The petition cites as evidence that according to information on the website of the Center for Responsive Politics the following section 501(c) corporations made “independent expenditures” in the 2010 election and disclosed none of their contributors:
501 (c) Corporation |
Amount Spent on Independent Expenditures in 2010 Elections |
Disclosure of Contributors Funding Independent Expenditures in 2010 |
Crossroads GPS |
$16 Million |
None |
American Future Fund |
$7.4 Million |
None |
60 Plus Association |
$6.7 Million |
None |
American Action Network |
$5.6 Million |
None |
Americans for Job Security |
$4.4 Million |
None |
Americans for Tax Reform |
$4.1 Million |
None |
Revere America |
$2.5 Million |
None |
Although Section 109.10 was promulgated in its current form in 2003, 68 Fed.Reg. 404 et seq. (Jan. 3, 2003), the insufficiency of the current regulation has been heightened by the Citizens United decision. Prior to Citizens United, the bulk of independent spending was done by political committees, including party committees, which are required to disclose all of their donors of more than $200 to the FEC, or by 527 groups, which are required to disclose all of their donors of more than $200 to the IRS, or by individual spenders, for whom the donor disclosure issue is largely inapplicable. Thus, prior to Citizens United, there generally was comprehensive disclosure of donors to groups making independent expenditures. According to the FEC petition, the CRP website lists an additional twenty-four 501(c) corporations that made independent expenditures in the 2010 congressional elections and disclosed none of their contributors. Id.

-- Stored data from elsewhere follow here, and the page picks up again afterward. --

lemma det_on_char_entry_expansion:
  assumes fW: "finite W" and vW: "v \<in> W"
  shows "det_on (char_entry b) W = [:- b v v, 1:] * det_on (char_entry b) (W - {v})
     - (\<Sum>u\<in>W - {v}. [:b v u * b u v:] * det_on (char_entry b) (W - {v} - {u}))
     - (\<Sum>L\<in>{L \<in> distinct_lists (W - {v}). 2 \<le> length L}. [:cycle_prod b (v # L):] * det_on (char_entry b) (W - {v} - set L))"
proof -
  let ?a = "char_entry b"
  let ?S = "W - {v}"
  let ?f = "\<lambda>L. (-1) ^ length L * path_prod ?a v L v * det_on ?a (?S - set L)"
  have fS: "finite ?S" using fW by simp
  have e2: "{L \<in> distinct_lists ?S. length L < 2} = insert [] ((\<lambda>u. [u]) ` ?S)"
  proof (intro equalityI subsetI)
    fix x assume "x \<in> {L \<in> distinct_lists ?S. length L < 2}"
    then show "x \<in> insert [] ((\<lambda>u. [u]) ` ?S)"
      by (cases x) (auto simp: image_iff distinct_lists_def)
  next
    fix x assume "x \<in> insert [] ((\<lambda>u. [u]) ` ?S)"
    then show "x \<in> {L \<in> distinct_lists ?S. length L < 2}" by (auto simp: distinct_lists_def)
  qed
  have "det_on ?a W = (\<Sum>L\<in>distinct_lists ?S. ?f L)" by (rule det_on_cycle_expansion[OF fW vW])
  also have "distinct_lists ?S = {L \<in> distinct_lists ?S. length L < 2} \<union> {L \<in> distinct_lists ?S. 2 \<le> length L}" by auto
  also have "(\<Sum>L\<in>{L \<in> distinct_lists ?S. length L < 2} \<union> {L \<in> distinct_lists ?S. 2 \<le> length L}. ?f L) =
     (\<Sum>L\<in>{L \<in> distinct_lists ?S. length L < 2}. ?f L) + (\<Sum>L\<in>{L \<in> distinct_lists ?S. 2 \<le> length L}. ?f L)"
    by (rule sum.union_disjoint) (auto intro: finite_subset[OF _ finite_distinct_lists[OF fS]])
  also note e2
  also have "(\<Sum>L\<in>insert [] ((\<lambda>u. [u]) ` ?S). ?f L) = ?f [] + (\<Sum>u\<in>?S. ?f [u])"
    using fS by (subst sum.insert) (auto simp: sum.reindex inj_on_def)
  also have "?f [] = [:- b v v, 1:] * det_on ?a ?S" by (simp add: char_entry_def)
  also have "(\<Sum>u\<in>?S. ?f [u]) = - (\<Sum>u\<in>W - {v}. [:b v u * b u v:] * det_on ?a (W - {v} - {u}))"
    unfolding sum_negf[symmetric]
    by (rule sum.cong[OF refl]) (auto simp: char_entry_def mult.commute)
  also have "(\<Sum>L\<in>{L \<in> distinct_lists ?S. 2 \<le> length L}. ?f L) =
     - (\<Sum>L\<in>{L \<in> distinct_lists ?S. 2 \<le> length L}. [:cycle_prod b (v # L):] * det_on ?a (W - {v} - set L))"
    unfolding sum_negf[symmetric]
  proof (rule sum.cong[OF refl])
    fix L assume "L \<in> {L \<in> distinct_lists ?S. 2 \<le> length L}"
    then have L: "distinct (v # L)" "L \<noteq> []" by (auto simp: distinct_lists_def)
    show "?f L = - ([:cycle_prod b (v # L):] * det_on ?a (W - {v} - set L))"
      unfolding path_prod_char_entry_cycle[OF L] by (simp add: power_Suc)
  qed
  finally show ?thesis by (simp add: algebra_simps)
qed

text \<open>Matchings and the families in \<open>\<Gamma>(c)\<close> are both packings: finite families of pieces whose
  vertex sets \<open>V K\<close> are pairwise disjoint subsets of \<open>W\<close>. Both recurrences below come from
  splitting off the piece that covers a fixed vertex \<open>v\<close>.\<close>

definition packings :: "('p \<Rightarrow> bool) \<Rightarrow> ('p \<Rightarrow> 'v set) \<Rightarrow> 'v set \<Rightarrow> 'p set set" where
  "packings P V W = {C. finite C \<and> (\<forall>K\<in>C. P K \<and> V K \<subseteq> W) \<and>
     (\<forall>K1\<in>C. \<forall>K2\<in>C. K1 \<noteq> K2 \<longrightarrow> V K1 \<inter> V K2 = {})}"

In addition, the CRP website lists the League of Conservation Voters as a section 527 organization that spent $3.9 million on independent expenditures n the 2010 elections and disclosed none of its contributors.

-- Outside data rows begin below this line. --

(* For every $W\in\mathrm{Gr}^{ad}$, $L_W=(R_W)'$, i.e. $L_W=\{q\in Q: qR_W\subset A_1\}$.
   Context: $A_1=\mathbb C[z,\partial]$, $\partial=d/dz$, with quotient skew field $Q\supset\mathbb C(z)[\partial]$. $\mathrm{Gr}^{ad}$: subspaces $W=m_V^{-1}V\subset\mathbb C(z)$ where $V\subset\mathbb C[z]$ is a finite intersection of subspaces $V_\lambda\supset(z-\lambda)^{r}\mathbb C[z]$ (distinct $\lambda$) and $m_V=\prod(z-\lambda)^{\dim\mathbb C[z]/V_\lambda}$. $R_W=\{D\in\mathbb C(z)[\partial]: D.\mathbb C[z]\subset W\}$, $L_W=\{D\in\mathbb C(z)[\partial]: D.W\subset\mathbb C[z]\}$. It is known (Cannings–Holland) that $W=\{D.1: D\in R_W\}$. *)

theory Defs
  imports "HOL-Computational_Algebra.Computational_Algebra"
begin

type_synonym rfun = "complex poly fract"

definition polyR :: "complex poly \<Rightarrow> rfun" where
  "polyR p = Fract p 1"

text \<open>Derivative d/dz on C(z), given by the quotient rule (independent of the representative).\<close>
definition rderiv :: "rfun \<Rightarrow> rfun" where
  "rderiv x = (THE y. \<forall>p q. q \<noteq> 0 \<and> x = Fract p q \<longrightarrow>
      y = Fract (pderiv p * q - p * pderiv q) (q * q))"

text \<open>An operator is a coefficient function n \<mapsto> a_n (coefficient of d^n), n :: int,
  with support bounded above.\<close>
type_synonym op = "int \<Rightarrow> rfun"

definition is_psido :: "op \<Rightarrow> bool" where
  "is_psido f \<longleftrightarrow> (\<exists>N. \<forall>n>N. f n = 0)"

definition ubnd :: "op \<Rightarrow> int" where
  "ubnd f = (SOME N. \<forall>n>N. f n = 0)"

text \<open>Generalised binomial coefficient (m choose k) for an integer m:
  m(m-1)...(m-k+1)/k!, which for m < 0 equals (-1)^k ((-m)+k-1 choose k).\<close>
definition ibinom :: "int \<Rightarrow> nat \<Rightarrow> int" where
  "ibinom m k = (if 0 \<le> m then int (nat m choose k)
                 else (-1) ^ k * int ((nat (-m) + k - 1) choose k))"

text \<open>Product: (a d^m)(b d^n) = \<Sum>_{k\<ge>0} (m choose k) a b^{(k)} d^{m+n-k}.\<close>
definition opmult :: "op \<Rightarrow> op \<Rightarrow> op" where
  "opmult f g = (\<lambda>d::int. \<Sum>m\<in>{d - ubnd g .. ubnd f}. \<Sum>n\<in>{d - m .. ubnd g}.
      of_int (ibinom m (nat (m + n - d))) * f m * (rderiv ^^ nat (m + n - d)) (g n))"

definition is_diffop :: "op \<Rightarrow> bool" where
  "is_diffop f \<longleftrightarrow> is_psido f \<and> (\<forall>n<0. f n = 0)"

text \<open>The Weyl algebra A_1 = C[z,d]: differential operators with polynomial coefficients.\<close>
definition weyl :: "op set" where
  "weyl = {f. is_diffop f \<and> (\<forall>n. f n \<in> range polyR)}"

text \<open>The quotient skew field Q of A_1, realised inside the pseudo-differential operators
  as {a b^-1 : a, b \<in> A_1, b \<noteq> 0} = {q : \<exists>b\<in>A_1. b \<noteq> 0 \<and> q b \<in> A_1}.\<close>
definition Qfield :: "op set" where
  "Qfield = {q. is_psido q \<and> (\<exists>b\<in>weyl. b \<noteq> (\<lambda>_. 0) \<and> opmult q b \<in> weyl)}"

definition act :: "op \<Rightarrow> rfun \<Rightarrow> rfun" where
  "act D w = (\<Sum>n\<in>{0..ubnd D}. D n * (rderiv ^^ nat n) w)"

definition csubspace :: "complex poly set \<Rightarrow> bool" where
  "csubspace V \<longleftrightarrow> 0 \<in> V \<and> (\<forall>p\<in>V. \<forall>q\<in>V. p + q \<in> V) \<and> (\<forall>c. \<forall>p\<in>V. smult c p \<in> V)"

The FEC petition states that the Supreme Court’s decision in Citizens United to allow corporations to make expenditures in federal elections has opened the door to the use of non-profit corporations as vehicles to hide donors whose funds are used to pay for independent expenditures. The petition states:
Post-Citizens United, however, corporations, including non-profit corporations, and labor organizations are now able to use their treasury funds to make independent expenditures and to contribute funds to other corporations that make independent expenditures. This has created a new universe of independent spenders who can raise and spend contributions from other persons (including from corporations and labor organizations) to finance their independent expenditures. And that development has in turn highlighted the insufficiency and illegality of the Commission’s existing regulation on disclosure of contributors to corporations and labor organizations that make independent expenditures.
The petition requests the FEC to amend the existing regulation to require disclosure of all contributions over $200 made to entities that make independent expenditures, as required by existing law.